Aber das allerbeste sind die Vögel. Tobago besitzt eine sehr artenreiche und geschützte Vogelwelt. Vom Kolibri bis zum Fregattvogel lassen sich an die zweihundert Arten bewundern, wenn man sie nur findet. Trotzdem erschließt sich dem Normalbürger eine Vielzahl verschiedener, teilweise sehr bunter Vögel. Es ist eine Augenweide, diese Tiere zu beobachten, so tropisch und exotisch wie sie sind. Es sind die Juwelen der Insel.
Jetzt möchte ich aber mit dem Urlaubsbericht beginnen.
Schon um 4.15 Uhr hieß es aufstehen. Vom Flughafen Hahn im Hunsrück brachte uns ein Shuttle zum Frankfurter Flughafen. Wir nahmen einen Bus früher, man weiß ja nie, ob man pünktlich ankommt.
Der Flug startete mit einer Stunde Verspätung und sollte neuneinhalb Stunden dauern. Dank unserer Nachbarin, die bei Condor arbeitet, bekamen wir zwei Plätze am Notausgang bei den Tragflächen und konnten uns dadurch etwas freier bewegen. Allerdings sind das auch die kältesten Plätze, wie wir schnell feststellen mussten. Die Stewardessen stellten uns deshalb Decken zur Verfügung. Es hat eben alles seine zwei Seiten.
Anhand des Monitors ließ sich die Flugroute verfolgen. Wir überflogen Köln, Ostende, London (unter einer dicken Nebeldecke), die englische Südküste, die irische Südküste über Shannon, dann überquerten wir den Atlantik bis vor Neufundland, wo das Flugzeug nach Süden abdrehte. Das Beste daran war, dass es die ganze Strecke über Land so gut wie keine Wolken gab, und ich alles ganz genau sehen konnte. Komischerweise lag nur der Großraum London im dichten Nebel. Ob das irgendwie mit den geografischen Verhältnissen zusammenhängt? Keine Ahnung. Es war wirklich nur der Großraum London, der für seine vielen Nebel- und Regentage weltberühmt ist. Nach einem guten, aber langen Flug landete die Maschine in Crown Point, im Südwesten Tobagos.
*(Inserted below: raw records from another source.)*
lemma kernel_dim_dirac:
  assumes valid: "\<forall>G\<in>set Gs. valid_factor G"
    and gam_carrier: "\<forall>mu < length Gs. gam mu \<in> carrier_mat r r"
    and clifford: "\<forall>mu < length Gs. \<forall>nu < length Gs.
           gam mu * gam nu + gam nu * gam mu = (if mu = nu then 2 else 0) \<cdot>\<^sub>m 1\<^sub>m r"
  shows "kernel_dim (dirac Gs gam r) = r * (\<Prod>mu < length Gs. card (kernel_coords (Gs ! mu)))"
proof -
  let ?m = "nverts_prod Gs * r" and ?n = "\<lambda>nu. nverts (Gs ! nu)"
  let ?J = "{p. \<forall>mu < length Gs. vertex_coord Gs r mu p \<in> kernel_coords (Gs ! mu)}"
  have D: "dirac Gs gam r \<in> carrier_mat ?m ?m" by (rule dirac_carrier[OF gam_carrier])
  have "kernel_dim (dirac Gs gam r) = kernel.dim ?m (dirac Gs gam r * dirac_shear Gs 1 r)"
    using mat_kernel_dim_mult_eq_right[OF D dirac_shear_carrier dirac_shear_carrier dirac_shear_inverse]
    by (simp add: kernel_dim_def carrier_matD[OF D])
  also have "\<dots> = card (?J \<inter> {..<?m})"
    by (rule kernel_dim_coordinate_subspace)
       (simp add: mat_kernel_dirac_mult_shear[OF valid gam_carrier clifford])
  also have "?J \<inter> {..<?m} = {p. p < prod ?n {..<length Gs} * r \<and>
      (\<forall>mu < length Gs. p div (prod ?n {..<mu} * r) mod ?n mu \<in> (if mu < length Gs then kernel_coords (Gs ! mu) else {}))}"
    by (auto simp: nverts_prod_eq vertex_coord_def)
  also have "card \<dots> = r * (\<Prod>mu < length Gs. card (if mu < length Gs then kernel_coords (Gs ! mu) else {}))"
    by (rule card_mixed_radix_digits) (use kernel_coords_subset valid in auto)
  finally show ?thesis by simp
qed

theorem mainTheorem7:
  fixes Gs :: "factor list" and gam :: "nat \<Rightarrow> complex mat" and r :: nat
  assumes "Gs \<noteq> []"
    and "\<forall>G\<in>set Gs. valid_factor G"
    and "r > 0"
    and "\<forall>mu < length Gs. gam mu \<in> carrier_mat r r"
    and "\<forall>mu < length Gs. \<forall>nu < length Gs.
           gam mu * gam nu + gam nu * gam mu = (if mu = nu then 2 else 0) \<cdot>\<^sub>m 1\<^sub>m r"
  shows "real (kernel_dim (dirac Gs gam r)) / real r =
           (if has_even_path Gs then 0 else 2 ^ c_even Gs)
       \<and> (\<not> has_even_path Gs \<longrightarrow> kernel_dim (dirac Gs gam r) \<ge> r)"
proof -
  have "kernel_dim (dirac Gs gam r) = r * (if has_even_path Gs then 0 else 2 ^ c_even Gs)"
    using kernel_dim_dirac[OF assms(2,4,5)] prod_card_kernel_coords[of Gs] by simp
  then show ?thesis using \<open>r > 0\<close> by auto
qed

end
Nach Erledigung der Formalitäten stiegen wir in ein Shuttle zum Hotel Manta Lodge, das in Norden der Insel liegt.
Ankunft am Flughafen Crown Point
Nach eineinhalb Stunden kurvenreicher Fahrt kamen wir endlich in Speyside, im Norden Tobagos gelegen, an. Auf der Fahrt dorthin erinnert uns die Insel an Kenia. Die Häuser und die Landschaft ähneln sich sehr, nur dass uns hier auf Tobago alles viel niedlicher und sauberer vorkommt, selbst die Ziegen sind kleiner. Es gibt schmucke kleine Villen in freundlichen Farben. Zuerst fuhren wir den einzigen Highway vom Flughafen zur Hauptstadt Scarborough entlang. Danach weicht der Highway einer sehr kurvenreichen schmalen Straße, die sich meistens an der Küste entlang schlängelt. Auffallend ist der riesige Aufwand, mit dem diese Straße teilweise gebaut wurde. Eine herrliche Aussicht auf das blaue Meer jagt die nächste. Die eineinhalb Stunden vergingen wie im Flug, wenn uns nicht so heiß in den dicken Sachen gewesen wäre.
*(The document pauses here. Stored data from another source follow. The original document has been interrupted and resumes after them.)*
lemma eventually_nonzero_exponents_not_near_max:
  fixes A :: "(int^'n) set"
  assumes "finite A" "\<forall>\<alpha>\<in>A. c \<alpha> \<noteq> 0" "\<eta> > 0"
    and indep: "\<forall>\<xi>. independent (rvec ` (near_max A \<rho> \<eta> \<xi> - {0}))"
  shows "\<forall>\<^sub>F \<tau> in at_right 0. \<forall>x\<in>torus. critical_point (laurent_f A c \<rho> \<tau>) x \<longrightarrow>
    (\<forall>\<beta>\<in>A - {0}. \<beta> \<notin> near_max A \<rho> (\<eta> / 2) (Log_map \<tau> x))"
proof -
  obtain C where C: "\<forall>S\<subseteq>A. \<forall>\<beta>\<in>S - {0}. independent (rvec ` (S - {0})) \<longrightarrow>
      (\<exists>l. l \<bullet> rvec \<beta> = 1 \<and> (\<forall>\<alpha>\<in>S - {\<beta>}. l \<bullet> rvec \<alpha> = 0) \<and>
           (\<Sum>\<alpha>\<in>A. \<bar>l \<bullet> rvec \<alpha>\<bar> * norm (c \<alpha>)) \<le> C)"
    using dual_functionals_uniformly_bounded[OF assms(1), of "\<lambda>\<alpha>. norm (c \<alpha>)"] by blast
  have "((\<lambda>\<tau>. C * \<tau> powr (\<eta> / 2)) \<longlongrightarrow> 0) (at_right 0)"
    using assms(3) by (intro tendsto_mult_right_zero tendsto_powr_at_right_0) simp
  then have "\<forall>\<beta>\<in>A. \<forall>\<^sub>F \<tau> in at_right 0. C * \<tau> powr (\<eta> / 2) < norm (c \<beta>)"
    using assms(2) by (auto intro: order_tendstoD)
  then have "\<forall>\<^sub>F \<tau> in at_right 0. \<forall>\<beta>\<in>A. C * \<tau> powr (\<eta> / 2) < norm (c \<beta>)"
    by (rule eventually_ball_finite[OF assms(1)])
  with eventually_at_right_0_less_1 show ?thesis
  proof eventually_elim
    case (elim \<tau>)
    show ?case
    proof (intro ballI impI notI)
      fix x \<beta> assume x: "x \<in> torus" "critical_point (laurent_f A c \<rho> \<tau>) x"
        and \<beta>: "\<beta> \<in> A - {0}" and near: "\<beta> \<in> near_max A \<rho> (\<eta> / 2) (Log_map \<tau> x)"
      define S where "S = near_max A \<rho> \<eta> (Log_map \<tau> x)"
      have "\<beta> \<in> S - {0}" using near near_max_mono[of "\<eta> / 2" \<eta>] assms(3) \<beta> unfolding S_def by auto
      moreover have "S \<subseteq> A" unfolding S_def near_max_def by blast
      moreover have "independent (rvec ` (S - {0}))" using indep unfolding S_def by blast
      ultimately obtain l where l: "l \<bullet> rvec \<beta> = 1" "\<forall>\<alpha>\<in>S - {\<beta>}. l \<bullet> rvec \<alpha> = 0"
        "(\<Sum>\<alpha>\<in>A. \<bar>l \<bullet> rvec \<alpha>\<bar> * norm (c \<alpha>)) \<le> C"
        using C by blast
      have "norm (c \<beta>) \<le> (\<Sum>\<alpha>\<in>A. \<bar>l \<bullet> rvec \<alpha>\<bar> * norm (c \<alpha>)) * \<tau> powr (\<eta> / 2)"
        using near_max_term_bound[OF assms(1) _ _ _ x near l(1)] l(2) elim(1) assms(3)
        unfolding S_def by simp
      also have "\<dots> \<le> C * \<tau> powr (\<eta> / 2)" using l(3) by (simp add: mult_right_mono)
      finally show False using elim(2) \<beta> by force
    qed
  qed
qed

lemma laurent_f_near_one:
  fixes A :: "(int^'n) set"
  assumes "finite A" "0 \<in> A" "c 0 = 1" "\<rho> 0 = 0" "x \<in> torus" "0 < \<tau>" "\<tau> < 1"
    and sep: "\<forall>\<beta>\<in>A - {0}. trop_term \<rho> (Log_map \<tau> x) \<beta> + \<delta> < trop_term \<rho> (Log_map \<tau> x) 0"
  shows "norm (laurent_f A c \<rho> \<tau> x - 1) \<le> (\<Sum>\<alpha>\<in>A - {0}. norm (c \<alpha>)) * \<tau> powr \<delta>"
proof -
  let ?m = "laurent_term c \<rho> \<tau> x"
  have "?m 0 = 1" using assms(3,4,6) by (simp add: laurent_term_def)
  then have "laurent_f A c \<rho> \<tau> x - 1 = (\<Sum>\<alpha>\<in>A - {0}. ?m \<alpha>)"
    using assms(1,2) by (simp add: laurent_f_eq_sum sum.remove)
  then have "norm (laurent_f A c \<rho> \<tau> x - 1) \<le> (\<Sum>\<alpha>\<in>A - {0}. norm (?m \<alpha>))"
    by (simp add: norm_sum)
  also have "\<dots> \<le> (\<Sum>\<alpha>\<in>A - {0}. norm (c \<alpha>) * \<tau> powr \<delta>)"
  proof (rule sum_mono)
    fix \<alpha> assume "\<alpha> \<in> A - {0}"
    then have "\<delta> \<le> - trop_term \<rho> (Log_map \<tau> x) \<alpha>"
      using sep assms(4) by (force simp: trop_term_def)
    then have "\<tau> powr (- trop_term \<rho> (Log_map \<tau> x) \<alpha>) \<le> \<tau> powr \<delta>"
      using assms(6,7) by (simp add: powr_mono')
    then show "norm (?m \<alpha>) \<le> norm (c \<alpha>) * \<tau> powr \<delta>"
      using norm_laurent_term[OF assms(5-7)] by (simp add: mult_left_mono)
  qed
  also have "\<dots> = (\<Sum>\<alpha>\<in>A - {0}. norm (c \<alpha>)) * \<tau> powr \<delta>"
    by (simp add: sum_distrib_right)
  finally show ?thesis .
qed
lemma eventually_separated_if_shrinking:
  fixes A B :: "nat \<Rightarrow> 'a::metric_space set"
  assumes "\<forall>\<^sub>F k in sequentially. A k \<subseteq> ball a r"
    and "\<forall>\<^sub>F k in sequentially. B k \<subseteq> ball b r"
  shows "\<forall>\<^sub>F k in sequentially. \<forall>u\<in>A k. \<forall>v\<in>B k. dist a b - 2 * r \<le> dist u v"
  using assms
proof eventually_elim
  case (elim k)
  show ?case
  proof (intro ballI)
    fix u v
    assume "u \<in> A k" "v \<in> B k"
    with elim have "dist a u < r" "dist v b < r"
      by (auto simp: dist_commute)
    moreover have "dist a b \<le> dist a u + dist u v + dist v b"
      using dist_triangle[of a b u] dist_triangle[of u b v] by linarith
    ultimately show "dist a b - 2 * r \<le> dist u v"
      by linarith
  qed
qed

lemma card_filter_le_if_not_on_tail:
  fixes P :: "nat \<Rightarrow> bool"
  assumes "\<forall>k\<in>{m<..n}. \<not> P k"
  shows "card {i\<in>{1..n}. P i} \<le> m"
proof -
  have "{i\<in>{1..n}. P i} \<subseteq> {1..m}"
    using assms by force
  then have "card {i\<in>{1..n}. P i} \<le> card {1..m}"
    by (rule card_mono[rotated]) simp
  then show ?thesis
    by simp
qed

lemma card_filter_ge_if_on_tail:
  fixes P :: "nat \<Rightarrow> bool"
  assumes "\<forall>k\<in>{m<..n}. P k"
  shows "n - m \<le> card {i\<in>{1..n}. P i}"
proof -
  have "{m<..n} \<subseteq> {i\<in>{1..n}. P i}"
    using assms by force
  then have "card {m<..n} \<le> card {i\<in>{1..n}. P i}"
    by (rule card_mono[rotated]) simp
  then show ?thesis
    by simp
qed

lemma fact_div_fact_Suc: "real (fact j) / real (fact (Suc j)) = 1 / real (Suc j)"
proof -
  have "real (fact (Suc j)) = real (Suc j) * real (fact j)"
    by (simp add: algebra_simps del: of_nat_fact)
  moreover have "real (fact j) \<noteq> 0"
    by (simp only: of_nat_eq_0_iff fact_nonzero) simp
  ultimately show ?thesis
    by simp
qed

lemma density_le_on_fact_block:
  fixes P :: "nat \<Rightarrow> bool"
  assumes "\<forall>k\<in>{fact j<..fact (Suc j)}. \<not> P k"
  shows "real (card {i\<in>{1..fact (Suc j)}. P i}) / real (fact (Suc j)) \<le> 1 / real (Suc j)"
proof -
  have "real (card {i\<in>{1..fact (Suc j)}. P i}) \<le> real (fact j)"
    using card_filter_le_if_not_on_tail[OF assms] by (simp only: of_nat_le_iff)
  then show ?thesis
    unfolding fact_div_fact_Suc[symmetric] by (rule divide_right_mono) simp
qed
Das Hotel Manta Lodge liegt am Ende des Ortes Speyside, nur durch eine Straße vom Strand getrennt. Es ist kein Hotelkomplex, sondern offen in den Ort integriert. Manta Lodge ist ein kleines Hotel mit nur zweiundzwanzig Zimmern, genau das Richtige für uns.
Völlig erledigt meldeten wir uns an und bezogen das Zimmer, schön hell mit einem fantastischen Blick auf Palmen, blühende Büsche und das Meer. Unter dem Fenster befindet sich ein kleiner Pool.
Hotel "Manta Lodge" in Speyside
Als allererstes stellten wir uns unter die Dusche und zogen etwas Leichteres...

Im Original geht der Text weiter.